In the present embodiment, the quantity of radiator 1 is at least 3, it is preferred that the quantity of radiator 1 is 8-16;Linear array
The quantity of structure is at least 3.
Such as: the antenna of the present embodiment includes m × n radiator 1, approximately the same plane of the m × n radiator 1 in pcb board
One face battle array structure of interior etching, every m radiator 1 are composed in series a linear array structure by feeder line 2, and n linear array structure is in parallel
At a face battle array structure;Each linear array structure is in parallel with 1 point of n microstrip power divider 4 after connecting with a matching network 3 to be connected
It connects;Wherein m, n are the natural number greater than 0;M, the n for having choosing are the natural number more than or equal to 3.

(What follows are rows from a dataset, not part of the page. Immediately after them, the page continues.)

lemma filterlim_sin_sq_at_left_1: "filterlim (\<lambda>y. (sin y)^2) (at_left 1) (at (pi/2))"
proof (rule tendsto_imp_filterlim_at_left)
  show "((\<lambda>y. (sin y)^2) \<longlongrightarrow> 1) (at (pi/2))"
    by (auto intro!: tendsto_eq_intros)
  have "(sin y)^2 < 1" if "y \<noteq> pi/2" "dist y (pi/2) < pi/2" for y
  proof -
    have "\<bar>y - pi/2\<bar> < pi/2" using that(2) by (simp add: dist_real_def)
    then have "- pi < y - pi/2" "y - pi/2 < pi" using pi_gt_zero by (auto simp only: abs_less_iff)
    moreover have "y - pi/2 \<noteq> 0" using that(1) by simp
    ultimately have "sin (y - pi/2) \<noteq> 0" using sin_eq_0_pi by blast
    moreover have "sin y = cos (y - pi/2)" by (simp add: cos_diff)
    then have "(sin y)^2 = 1 - (sin (y - pi/2))^2" by (simp add: cos_squared_eq)
    ultimately show ?thesis by simp
  qed
  then show "\<forall>\<^sub>F y in at (pi/2). (sin y)^2 < 1"
    unfolding eventually_at by (intro exI[of _ "pi/2"]) auto
qed

lemma strict_local_min2_iff_eventually:
  "strict_local_min2 V x0 y0 \<longleftrightarrow>
     (\<forall>\<^sub>F (x, y) in nhds (x0, y0). (x, y) \<noteq> (x0, y0) \<longrightarrow> V x0 y0 < V x y)"
  unfolding strict_local_min2_def eventually_nhds_metric by (auto simp: split_paired_All)

lemma strict_local_min2_sin_sq:
  fixes V W :: "real \<Rightarrow> real \<Rightarrow> real"
  assumes V: "\<forall>\<^sub>F x in nhds x0. \<forall>y. V x y = W x ((sin y)^2)"
    and min_x: "\<forall>\<^sub>F x in at x0. W x0 1 < W x 1"
    and min_u: "\<forall>\<^sub>F (x, u) in nhds x0 \<times>\<^sub>F at_left 1. W x 1 < W x u"
  shows "strict_local_min2 V x0 (pi/2)"
proof -
  obtain Pf Pg where Pf: "eventually Pf (nhds x0)" and Pg: "eventually Pg (at_left 1)"
    and P: "\<And>x u. Pf x \<Longrightarrow> Pg u \<Longrightarrow> W x 1 < W x u"
    using min_u unfolding eventually_prod_filter by auto
  have "\<forall>\<^sub>F y in at (pi/2). Pg ((sin y)^2)"
    using Pg filterlim_sin_sq_at_left_1 by (rule eventually_compose_filterlim)
  then have Py: "\<forall>\<^sub>F y in nhds (pi/2). y \<noteq> pi/2 \<longrightarrow> Pg ((sin y)^2)"
    unfolding eventually_at_filter by simp
  have Px: "\<forall>\<^sub>F x in nhds x0.
      (\<forall>y. V x y = W x ((sin y)^2)) \<and> (x \<noteq> x0 \<longrightarrow> W x0 1 < W x 1) \<and> Pf x"
    using V min_x[unfolded eventually_at_filter] Pf by eventually_elim auto
  have V0: "V x0 (pi/2) = W x0 1" using eventually_nhds_x_imp_x[OF V] by simp
  have less: "V x0 (pi/2) < V x y"
    if x: "(\<forall>y. V x y = W x ((sin y)^2)) \<and> (x \<noteq> x0 \<longrightarrow> W x0 1 < W x 1) \<and> Pf x"
      and y: "y \<noteq> pi/2 \<longrightarrow> Pg ((sin y)^2)" and ne: "(x, y) \<noteq> (x0, pi/2)" for x y
  proof (cases "y = pi/2")
    case True
    have "V x y = W x 1" using x unfolding True by simp
    moreover have "x \<noteq> x0" using ne True by simp
    ultimately show ?thesis using x V0 by simp
  next
    case False
    then have "W x 1 < W x ((sin y)^2)" using P x y by blast
    moreover have "W x0 1 \<le> W x 1" using x by (cases "x = x0") auto
    ultimately show ?thesis using x V0 by auto
  qed
  have "\<forall>\<^sub>F (x, y) in nhds x0 \<times>\<^sub>F nhds (pi/2).
      (x, y) \<noteq> (x0, pi/2) \<longrightarrow> V x0 (pi/2) < V x y"
    unfolding eventually_prod_filter using Px Py less by blast
  then show ?thesis unfolding strict_local_min2_iff_eventually nhds_prod .
qed

lemma strict_local_min2_Veff:
  assumes r: "1 < r" and crit: "Wpot_r B L E r 1 = 0"
    and rr: "((\<lambda>r. Wpot_r B L E r 1) has_real_derivative p) (at r)" and "0 < p"
    and u: "Wpot_u B L E r 1 < 0"
  shows "strict_local_min2 (Veff B L E) r (pi/2)"
proof (rule strict_local_min2_sin_sq[where W = "Wpot B L E"])
  show "\<forall>\<^sub>F x in nhds r. \<forall>y. Veff B L E x y = Wpot B L E x ((sin y)^2)"
    using eventually_greater_nhds[OF r] by eventually_elim (simp add: Veff_eq_Wpot)
  have "\<forall>\<^sub>F x in nhds r. ((\<lambda>x. Wpot B L E x 1) has_real_derivative Wpot_r B L E x 1) (at x)"
    using eventually_greater_nhds[OF r] by eventually_elim (simp add: has_real_derivative_Wpot_r)
  then show "\<forall>\<^sub>F x in at r. Wpot B L E r 1 < Wpot B L E x 1"
    using crit rr \<open>0 < p\<close> by (rule second_derivative_test_strict_min)
  have lam_cont: "isCont (\<lambda>z. lam B (fst z) (snd z)) z" for z
    unfolding lam_def by (intro continuous_intros) simp
  have "isCont (\<lambda>z. Wpot_u B L E (fst z) (snd z)) (r, 1)"
    unfolding Wpot_u_def using r lam_pos[of 1 B r]
    by (intro continuous_intros lam_cont) auto
  then have "\<forall>\<^sub>F z in at (r, 1). Wpot_u B L E (fst z) (snd z) < 0"
    unfolding isCont_def using u by (auto dest: order_tendstoD(2))
  then have "\<forall>\<^sub>F z in nhds (r, 1). Wpot_u B L E (fst z) (snd z) < 0"
    unfolding eventually_at_filter by (rule eventually_mono) (use u in auto)
  moreover have "\<forall>\<^sub>F z in nhds (r, 1). 1 < fst z \<and> 0 < (snd z :: real)"
    unfolding nhds_prod
    by (rule eventually_prodI[OF eventually_greater_nhds[OF r] eventually_greater_nhds[OF zero_less_one]])
  ultimately have "\<forall>\<^sub>F (x, u) in nhds (r, 1).
      (Wpot B L E x has_real_derivative Wpot_u B L E x u) (at u) \<and> Wpot_u B L E x u < 0"
    by eventually_elim (auto simp: case_prod_beta intro: has_real_derivative_Wpot_u)
  then show "\<forall>\<^sub>F (x, u) in nhds r \<times>\<^sub>F at_left 1. Wpot B L E x 1 < Wpot B L E x u"
    by (rule eventually_less_at_left_of_deriv_neg)
qed


section \<open>The polynomials Z and N\<close>

lemma Zf_pos_imp_B_sq_r_sq_lt:
  assumes "1 < r" "0 < Zf B r"
  shows "B^2 * r^2 < 4/3"
proof -
  have pos: "0 < 3/2 * r - 5/4" using assms(1) by simp
  have "B^2 * r^2 * (3/2 * r - 5/4) < 2 * r - 3" using assms(2) unfolding Zf_def by linarith
  also have "\<dots> < 4/3 * (3/2 * r - 5/4)" by simp
  finally show ?thesis using mult_less_cancel_right_pos[OF pos] by blast
qed

lemma Zf_factor:
  assumes "Zf B a = 0" "Zf B b = 0" "a \<noteq> b"
  shows "Zf B x = (x - a) * (b - x) * (B^2 * (3/2 * (x + a + b) - 5/4))"
proof -
  have "(b - a) * (Zf B x - (x - a) * (b - x) * (B^2 * (3/2 * (x + a + b) - 5/4)))
      = (b - x) * Zf B a + (x - a) * Zf B b"
    unfolding Zf_def by algebra
  then show ?thesis using assms by simp
qed

text \<open>At B = Bn the radius rn is a common root of Zf and Nf.\<close>
definition rn :: real where
  "rn = (8 + sqrt 19) / 6"

lemma sqrt_19_gt_4: "4 < sqrt (19::real)"
  by (rule real_less_rsqrt) simp

lemma rn_gt_3_2: "3/2 < rn"
  using sqrt_19_gt_4 by (simp add: rn_def)

lemma Zf_rn: "144 * Zf B rn = (sqrt 19 - 1) * (48 - B^2 * (169 + 38 * sqrt 19))"
proof -
  have "4 * Zf B rn = 8 * rn - 12 - B^2 * rn^2 * (6 * rn - 5)" by (simp add: Zf_def algebra_simps)
  moreover have "6 * rn = 8 + sqrt 19" "(sqrt 19)^2 = (19::real)" by (simp_all add: rn_def)
  ultimately show ?thesis by algebra
qed

lemma Zf_rn_pos:
  assumes "0 \<le> B" "B < Bn"
  shows "0 < Zf B rn"
proof -
  have pos: "0 < 169 + 38 * sqrt (19::real)" by (simp add: add_pos_nonneg)
  have "B^2 < Bn^2" using assms by (intro power_strict_mono) auto
  also have "Bn^2 = 48 / (169 + 38 * sqrt 19)"
    using pos unfolding Bn_def by (simp add: power_divide power_mult_distrib)
  finally have "B^2 * (169 + 38 * sqrt 19) < 48" using pos by (simp add: field_simps)
  then have "0 < 144 * Zf B rn" unfolding Zf_rn using sqrt_19_gt_4 by simp
  then show ?thesis by simp
qed

lemma Zf_roots:
  assumes "0 < B" "B < Bn"
  obtains r1 r2 where "3/2 < r1" "r1 < rn" "rn < r2" "Zf B r1 = 0" "Zf B r2 = 0"
proof -
  have cont: "isCont (Zf B) x" for x unfolding Zf_def by (intro continuous_intros)
  have Zrn: "0 < Zf B rn" using Zf_rn_pos assms by simp
  have "Zf B (3/2) < 0" using assms(1) unfolding Zf_def by simp
  then obtain r1 where r1: "3/2 \<le> r1" "r1 \<le> rn" "Zf B r1 = 0"
    using IVT[of "Zf B" "3/2" 0 rn] Zrn rn_gt_3_2 cont by force
  define R where "R = rn + 3 / B"
  have "rn < R" "3 \<le> B * R" using assms(1) rn_gt_3_2 by (auto simp: R_def field_simps)
  then have "9 \<le> B^2 * R^2"
    using power_mono[of 3 "B * R" 2] by (simp add: power_mult_distrib)
  then have "9 * (3/2 * R - 5/4) \<le> B^2 * R^2 * (3/2 * R - 5/4)"
    using \<open>rn < R\<close> rn_gt_3_2 by (intro mult_right_mono) auto
  then have "Zf B R \<le> 2 * R - 3 - 9 * (3/2 * R - 5/4)" unfolding Zf_def by linarith
  also have "\<dots> < 0" using \<open>rn < R\<close> rn_gt_3_2 by (simp add: field_simps)
  finally have "Zf B R < 0" .
  then obtain r2 where r2: "rn \<le> r2" "r2 \<le> R" "Zf B r2 = 0"
    using IVT2[of "Zf B" R 0 rn] Zrn \<open>rn < R\<close> cont by force
  have "r1 \<noteq> 3/2" "r1 \<noteq> rn" "r2 \<noteq> rn"
    using r1(3) r2(3) Zrn \<open>Zf B (3/2) < 0\<close> by (metis less_irrefl)+
  then show ?thesis using that r1 r2 by force
qed

lemma Zf_sign_between_roots:
  assumes "0 < B" "3/2 < r1" "r1 < r2" "Zf B r1 = 0" "Zf B r2 = 0"
  shows "1 < x \<and> 0 < Zf B x \<longleftrightarrow> r1 < x \<and> x < r2"
    and "r1 \<le> x \<Longrightarrow> x \<le> r2 \<Longrightarrow> 0 \<le> Zf B x"
proof -
  define c where "c = B^2 * (3/2 * (x + r1 + r2) - 5/4)"
  have Z: "Zf B x = (x - r1) * (r2 - x) * c"
    using assms unfolding c_def by (intro Zf_factor) auto
  have "0 < c" if "0 \<le> x"
    using assms that unfolding c_def by (intro mult_pos_pos) auto
  then show "1 < x \<and> 0 < Zf B x \<longleftrightarrow> r1 < x \<and> x < r2"
    unfolding Z using assms(2,3) by (cases "1 < x") (auto simp: zero_less_mult_iff)
  show "r1 \<le> x \<Longrightarrow> x \<le> r2 \<Longrightarrow> 0 \<le> Zf B x"
    unfolding Z using \<open>0 \<le> x \<Longrightarrow> 0 < c\<close> assms(2) by (intro mult_nonneg_nonneg) auto
qed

In the present embodiment, m=16, n=10, i.e. face battle array structure include 10 linear array structures, and each linear array structure has 16
A radiator 1, therefore, microstrip power divider 4 are one point of ten microstrip power divider 4, in conjunction with feeder line 2 and matching network 3, made day
Linear dimension is only 28mm × 33mm, and each linear array structure, matching network 3 and microstrip power divider 4 are respectively positioned on same plane convenient for connecting
It connects.This design is applied to 77GHz millimeter wave broadband chip integrated waveguide slot antenna, simulation result as shown in fig. 6-7, leads to
Cross Fig. 6 without phase adjusted structure when gain direction analogous diagram it is found that the antenna simulated gain of the present embodiment reaches
The face 25.1dBi, E 3dB beam angle is ± 5.8 °, and the face H 3dB beam angle reaches ± 5.2 °, meets minor level inhibition and is greater than
17dBc meets high-gain, narrow beam, the performance requirement of Sidelobe;Meanwhile the standing wave analogous diagram for passing through Fig. 7, it is known that 76.3 ~
77GHz band standing internal wave is superior to -10dB, and is better than -9.5dB in the bandwidth standing internal wave ratio of 75.3 ~ 77GHz.
Meanwhile in the present invention, the length of radiator 1 can be adjusted according to the bandwidth of operation of required antenna, then
In conjunction with matching network 3 and microstrip power divider 4, the aerial array of wide band high-gain can be designed, this design is such as applied to 79GHz milli
In metric wave broad-band chip integrated waveguide slot antenna, the standing-wave ratio pair of the 79GHz broad-band chip integrated waveguide linear array and face battle array
Than schematic diagram as shown in figure 8, its bandwidth of operation can cover 77-81GHz, and it is applied in radar and can further improve thunder
The distance and target resolution reached.And radiator 1 in the implementation case, feeder line 2, matching network 3, microstrip power divider 4 can be with
Forming is etched on same pcb board.
Embodiment 2
Based on embodiment 1, as illustrated in figures 4-5: being connected with impedance identical with linear array structure quantity simultaneously on microstrip power divider 4
Converting network 5 and phase adjustment network 6;Phase adjustment network 6 is connect with matching network 3.This design is applied to 77GHz millimeters
Wave broad-band chip integrated waveguide slot antenna, simulation result as shown in figs. 9-10, by Fig. 9 gain direction analogous diagram it is found that
The antenna simulated gain of the present embodiment reaches 21dBi, and the face E 3dB beam angle is ± 5.8 °, and the face H 3dB beam angle reaches
102.3 °, 6dB beam angle can achieve 136 °, and beam angle and gain can not only meet the survey of the closely middle long distance of car radar
The gain requirement of examination, and car radar can be met in the requirement of peripheral information perception wide-angle wave cover;Such as Figure 10 wave
Analogous diagram is it is found that the present embodiment is superior to -15dB in 75 ~ 78GHz band standing internal wave.
In the present invention, radiator 1 is chip integrated waveguide slot oscillator, and feeder line 2 is substrate integration wave-guide.
Microstrip power divider 4, matching network 3 and each linear array structure are placed in approximately the same plane by the present invention constitutes face battle array knot
Structure facilitates production, reduces processing cost;The size of radiator 1 in each linear array structure is successively gradually become smaller from centre to both sides,
And the characteristics of due to feeder line 2,1 spacing of radiator become smaller, and reduce the size of antenna, while improving the secondary lobe of face battle array structure
Level, and then the angle measurement accuracy of vehicle-mounted millimeter wave radar can be improved;Finally, increasing phase adjustment network in antenna plane structure
6, the beam angle of antenna can be promoted, so that radar antenna is met varying environment and tests the speed and angle measurement requirement with scene.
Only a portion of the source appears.